METR (CC-BY) Developers Won't Work Without AI, and That's Starting to Worry Researchers
METR tried to run a follow-up study on AI coding productivity. Developers refused because they wouldn't code without AI tools. Meanwhile, Uber burned its 2026 AI budget in four months, and Amazon shut down an internal token leaderboard after employees gamed it.
In February 2026, AI research lab METR tried to run a follow-up to its 2025 study on AI coding productivity. The original study had a straightforward design: give open source developers tasks to do with and without AI, then measure the time difference.
The follow-up never happened. Developers wouldn’t join. According to METR, participants declined “because they do not wish to work without AI” even for a limited number of tasks.

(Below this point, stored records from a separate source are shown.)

lemma obtain_first_repeat:
  fixes w :: "nat \<Rightarrow> 'a"
  assumes "finite (range w)"
  obtains p where "inj_on w {0..<p}" "w p \<in> w ` {0..<p}"
proof -
  define P where "P p \<longleftrightarrow> w p \<in> w ` {0..<p}" for p
  have P_repeat: "P y" if "x < y" "w x = w y" for x y
    unfolding P_def by (rule image_eqI[of _ _ x]) (use that in auto)
  have "\<not> inj w"
    using assms finite_imageD infinite_UNIV_nat by blast
  then obtain a b where "a \<noteq> b" "w a = w b"
    unfolding inj_def by blast
  then have "\<exists>p. P p"
    using P_repeat by (metis linorder_neqE_nat)
  then have "P (LEAST p. P p)"
    by (rule LeastI_ex)
  moreover have "inj_on w {0..<(LEAST p. P p)}"
  proof (rule inj_onI, rule ccontr)
    fix x y
    assume xy: "x \<in> {0..<(LEAST p. P p)}" "y \<in> {0..<(LEAST p. P p)}" "w x = w y" "x \<noteq> y"
    then have "P (max x y)"
      using P_repeat[of x y] P_repeat[of y x] by (cases "x < y") (auto simp: max_def)
    then show False
      using not_less_Least[of "max x y" P] xy by auto
  qed
  ultimately show ?thesis
    using that unfolding P_def by blast
qed

definition nbrs :: "nat set set \<Rightarrow> nat \<Rightarrow> nat set" where
  "nbrs E v = {u. {v, u} \<in> E}"

lemma nbrs_sym: "u \<in> nbrs E v \<longleftrightarrow> v \<in> nbrs E u"
  unfolding nbrs_def by (simp add: insert_commute)

lemma card_nbrs:
  assumes "simple_graph n E"
  shows "card (nbrs E v) = degree E v"
proof -
  have "bij_betw (\<lambda>u. {v, u}) (nbrs E v) {e\<in>E. v \<in> e}"
  proof (rule bij_betwI')
    fix u u'
    assume "u \<in> nbrs E v" "u' \<in> nbrs E v"
    then have "u \<noteq> v" "u' \<noteq> v"
      using simple_graph_edge_neq[OF assms] unfolding nbrs_def by blast+
    then show "({v, u} = {v, u'}) = (u = u')"
      by (auto simp: doubleton_eq_iff)
  next
    fix e
    assume e: "e \<in> {e\<in>E. v \<in> e}"
    then obtain a b where "e = {a, b}"
      using assms unfolding simple_graph_def by blast
    with e show "\<exists>u\<in>nbrs E v. e = {v, u}"
      unfolding nbrs_def by (auto simp: insert_commute)
  qed (simp add: nbrs_def)
  then show ?thesis
    unfolding degree_def by (rule bij_betw_same_card)
qed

That’s a notable finding on its own. The original 2025 study found that developers actually moved slower with AI, not faster. AI generated code quickly, but then developers spent extra time finding and fixing errors, steering the model, and waiting on completions. The subjective feeling of productivity and actual output had diverged. Now the tools are too embedded to test around.

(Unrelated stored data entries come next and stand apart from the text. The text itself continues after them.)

lemma line_form_swap: "line_form q p = - line_form p q"
  by (simp add: line_form_def algebra_simps)

lemma line_form_power_dvd_iff:
  assumes "{p', q'} = {p, q}"
  shows "line_form p' q' ^ n dvd h \<longleftrightarrow> line_form p q ^ n dvd h"
proof -
  from assms consider "p' = p" "q' = q" | "p' = q" "q' = p"
    unfolding doubleton_eq_iff by blast
  then show ?thesis
  proof cases
    case 2
    then show ?thesis
      using line_form_swap[of q p] by (cases "even n") (simp_all add: minus_dvd_iff)
  qed simp
qed

lemma J_edge_altdef:
  assumes "e = {p, q}"
  shows "J_edge m r e = {h \<in> Pm m. line_form p q ^ nat (r e + 1) dvd h}"
proof -
  have "J_edge m r e = {h \<in> Pm m. \<exists>p' q'. e = {p', q'} \<and> line_form p' q' ^ nat (r e + 1) dvd h}"
    unfolding J_edge_def dvd_def by (auto simp: mult.commute)
  then show ?thesis
    using assms line_form_power_dvd_iff by blast
qed

lemma card_int_edge: "e \<in> int_edges T \<Longrightarrow> card e = 2"
  by (auto simp: int_edges_def edges_def)

lemma J_edge_zero: "card e = 2 \<Longrightarrow> 0 \<in> J_edge m r e"
  by (auto simp: card_2_iff J_edge_altdef)

lemma J_edge_uminus: "h \<in> J_edge m r e \<Longrightarrow> - h \<in> J_edge m r e"
  by (auto simp: J_edge_def Pm_uminus) (metis minus_mult_left)

lemma J_edge_add:
  assumes "h \<in> J_edge m r e" "h' \<in> J_edge m r e"
  shows "h + h' \<in> J_edge m r e"
proof -
  obtain p q where "e = {p, q}"
    using assms(1) by (auto simp: J_edge_def)
  with assms show ?thesis by (auto simp: J_edge_altdef Pm_add)
qed

lemma J_edge_eq_Pm: "card e = 2 \<Longrightarrow> r e = -1 \<Longrightarrow> J_edge m r e = Pm m"
  by (auto simp: card_2_iff J_edge_altdef)

lemma J_edge_cong: "r e = s e \<Longrightarrow> J_edge m r e = J_edge m s e"
  by (simp add: J_edge_def)

lemma J_vertex_zero: "0 \<in> J_vertex m T r v"
  by (auto simp: J_vertex_def edges_at_def card_int_edge J_edge_zero intro!: exI[of _ "\<lambda>_. 0"])

lemma J_vertex_add:
  assumes "h \<in> J_vertex m T r v" "h' \<in> J_vertex m T r v"
  shows "h + h' \<in> J_vertex m T r v"
proof -
  obtain f f' where "\<forall>e\<in>edges_at T v. f e \<in> J_edge m r e \<and> f' e \<in> J_edge m r e"
    and "h = sum f (edges_at T v)" "h' = sum f' (edges_at T v)"
    using assms by (auto simp: J_vertex_def)
  then show ?thesis
    unfolding J_vertex_def by (auto simp: J_edge_add sum.distrib intro!: exI[of _ "\<lambda>e. f e + f' e"])
qed

lemma J_vertex_subset_Pm: "J_vertex m T r v \<subseteq> Pm m"
  by (auto simp: J_vertex_def J_edge_def intro!: Pm_sum)

lemma J_vertex_eq_Pm:
  assumes "finite (edges_at T v)" "t \<in> edges_at T v" "r t = -1"
  shows "J_vertex m T r v = Pm m"
proof (intro subset_antisym J_vertex_subset_Pm subsetI)
  fix h assume h: "h \<in> Pm m"
  have "(if e = t then h else 0) \<in> J_edge m r e" if "e \<in> edges_at T v" for e
  proof -
    have "card e = 2"
      using that by (auto simp: edges_at_def intro: card_int_edge)
    then show ?thesis
      using h assms(3) by (auto simp: J_edge_zero J_edge_eq_Pm)
  qed
  moreover have "h = (\<Sum>e\<in>edges_at T v. if e = t then h else 0)"
    using assms(1,2) by (simp add: sum.delta)
  ultimately show "h \<in> J_vertex m T r v"
    unfolding J_vertex_def by (intro CollectI exI[of _ "\<lambda>e. if e = t then h else 0"] conjI ballI)
qed

lemma J_vertex_cong:
  "(\<And>e. e \<in> edges_at T v \<Longrightarrow> r e = s e) \<Longrightarrow> J_vertex m T r v = J_vertex m T s v"
  unfolding J_vertex_def by (metis (no_types, lifting) J_edge_cong)

lemma C0_in_J_vertex: "g \<in> C0 m T r \<Longrightarrow> v \<in> int_vertices T \<Longrightarrow> g v \<in> J_vertex m T r v"
  unfolding C0_def by blast

lemma C0_in_Pm: "g \<in> C0 m T r \<Longrightarrow> v \<in> int_vertices T \<Longrightarrow> g v \<in> Pm m"
  using C0_in_J_vertex J_vertex_subset_Pm by blast

section \<open>The cellular boundary\<close>

lemma finite_edges_at: "finite (int_edges T) \<Longrightarrow> finite (edges_at T v)"
  unfolding edges_at_def by simp

lemma bd_add: "bd T head (\<lambda>e. f e + g e) v = bd T head f v + bd T head g v"
  unfolding bd_def by (simp add: sum.distrib[symmetric] if_distrib) (rule sum.cong, auto)

lemma bd_in_J_vertex:
  "(\<And>e. e \<in> edges_at T v \<Longrightarrow> f e \<in> J_edge m r e) \<Longrightarrow> bd T head f v \<in> J_vertex m T r v"
  unfolding bd_def J_vertex_def
  by (auto intro!: exI[of _ "\<lambda>e. if head e = v then f e else - f e"] J_edge_uminus)

lemma bd_eq_sum_int_edges:
  assumes "finite (int_edges T)"
  shows "bd T head f v = (\<Sum>e\<in>int_edges T. if v \<in> e then (if head e = v then f e else - f e) else 0)"
  unfolding bd_def edges_at_def using assms by (rule sum.inter_filter)

lemma bd_single:
  assumes "finite (int_edges T)" "t \<in> int_edges T"
  shows "bd T head (\<lambda>e. if e = t then a else 0) v = (if v \<in> t then (if head t = v then a else - a) else 0)"
proof -
  have "bd T head (\<lambda>e. if e = t then a else 0) v
      = (\<Sum>e\<in>edges_at T v. if e = t then (if head t = v then a else - a) else 0)"
    unfolding bd_def by (rule sum.cong) auto
  also have "\<dots> = (if t \<in> edges_at T v then (if head t = v then a else - a) else 0)"
    using finite_edges_at[OF assms(1)] by (simp add: sum.delta')
  finally show ?thesis
    using assms(2) by (simp add: edges_at_def)
qed

lemma sum_pair_cancel: "w \<noteq> x \<Longrightarrow> (\<Sum>v\<in>{x, w}. if x = v then c else - c) = (0::'a::ab_group_add)"
  by simp

lemma sum_bd_eq_0:
  assumes fin: "finite (int_edges T)" "finite \<Gamma>"
    and head: "\<And>e. e \<in> int_edges T \<Longrightarrow> head e \<in> e"
    and supp: "\<And>e. e \<in> int_edges T \<Longrightarrow> f e \<noteq> 0 \<Longrightarrow> e \<subseteq> \<Gamma>"
  shows "(\<Sum>v\<in>\<Gamma>. bd T head f v) = 0"
proof -
  have "(\<Sum>v\<in>\<Gamma>. if v \<in> e then (if head e = v then f e else - f e) else 0) = 0"
    if e: "e \<in> int_edges T" for e
  proof (cases "f e = 0")
    case False
    obtain w where ew: "e = {head e, w}" "w \<noteq> head e"
      using card_int_edge[OF e] head[OF e] by (rule card_2_other)
    have "(\<Sum>v\<in>\<Gamma>. if v \<in> e then (if head e = v then f e else - f e) else 0)
        = (\<Sum>v\<in>e. if head e = v then f e else - f e)"
      using supp[OF e False] fin(2) by (simp add: sum.inter_filter[symmetric] Int_absorb1 Collect_mem_eq
          flip: Int_def)
    also have "\<dots> = (\<Sum>v\<in>{head e, w}. if head e = v then f e else - f e)"
      using ew(1) by (rule arg_cong)
    also have "\<dots> = 0"
      using ew(2) by (rule sum_pair_cancel)
    finally show ?thesis .
  qed (intro sum.neutral, auto)
  then have "(\<Sum>e\<in>int_edges T. \<Sum>v\<in>\<Gamma>. if v \<in> e then (if head e = v then f e else - f e) else 0) = 0"
    by (intro sum.neutral) auto
  then show ?thesis
    by (simp add: bd_eq_sum_int_edges[OF fin(1)] sum.swap[of _ \<Gamma>])
qed

definition edge_chain :: "(pt set \<Rightarrow> pt) \<Rightarrow> pt set \<Rightarrow> pt \<Rightarrow> bipoly \<Rightarrow> pt set \<Rightarrow> bipoly" where
  "edge_chain head t p c = (\<lambda>e. if e = t then (if head t = p then c else - c) else 0)"

lemma bd_edge_chain:
  assumes "finite (int_edges T)" "t \<in> int_edges T" "head t \<in> t" "p \<in> t"
  shows "bd T head (edge_chain head t p c) v = (if v = p then c else if v \<in> t then - c else 0)"
proof -
  obtain q where "t = {p, q}" "q \<noteq> p"
    using card_int_edge[OF assms(2)] assms(4) by (rule card_2_other)
  with assms show ?thesis
    by (auto simp: edge_chain_def bd_single)
qed

lemma edge_chain_in_C1:
  assumes "t \<in> int_edges T" "r t = -1" "c \<in> Pm m"
  shows "edge_chain head t p c \<in> C1 m T r"
proof -
  have "edge_chain head t p c e \<in> J_edge m r e" if e: "e \<in> int_edges T" for e
    using assms J_edge_zero[OF card_int_edge[OF e]] J_edge_eq_Pm[OF card_int_edge[OF e]]
    by (auto simp: edge_chain_def Pm_uminus)
  moreover have "edge_chain head t p c e = 0" if "e \<notin> int_edges T" for e
    using that assms(1) by (auto simp: edge_chain_def)
  ultimately show ?thesis
    by (simp add: C1_def)
qed

lemma C1_add: "f \<in> C1 m T r \<Longrightarrow> g \<in> C1 m T r \<Longrightarrow> (\<lambda>e. f e + g e) \<in> C1 m T r"
  by (simp add: C1_def J_edge_add)

lemma bd_off_in_J_vertex:
  assumes "f \<in> C1 m T s" "\<And>e. e \<notin> E \<Longrightarrow> s e = r e"
  shows "bd T head (\<lambda>e. if e \<in> E then 0 else f e) v \<in> J_vertex m T r v"
proof (rule bd_in_J_vertex)
  fix e assume "e \<in> edges_at T v"
  then have e: "e \<in> int_edges T"
    by (simp add: edges_at_def)
  show "(if e \<in> E then 0 else f e) \<in> J_edge m r e"
  proof (cases "e \<in> E")
    case False
    then have "J_edge m s e = J_edge m r e"
      by (intro J_edge_cong assms(2))
    with False e assms(1) show ?thesis
      by (auto simp: C1_def)
  qed (simp add: J_edge_zero card_int_edge[OF e])
qed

The self-reported numbers look better
In May, METR published a survey of 349 technical workers including software engineers, researchers, academics, and founders. They asked how much more valuable AI had made their work. Respondents reported roughly 1.6 to 2.1 times more valuable, with expectations of 2.9x by March 2027.
But self-reported surveys measure perception. The 2025 METR study found a gap between how developers felt and what they produced. That same gap may exist in the new survey data.
Tokenmaxxing isn’t a productivity metric
Companies have been using token consumption as a proxy for AI productivity, a practice TechCrunch calls “tokenmaxxing.” Two prominent examples this week suggest that metric is breaking down.
Amazon built an internal leaderboard called Kirorank to track employee AI usage. The experiment backfired. Employees gamed the leaderboard by running AI agents excessively, running up costs without producing more work. Amazon shut it down. The Financial Times reported the closure this week.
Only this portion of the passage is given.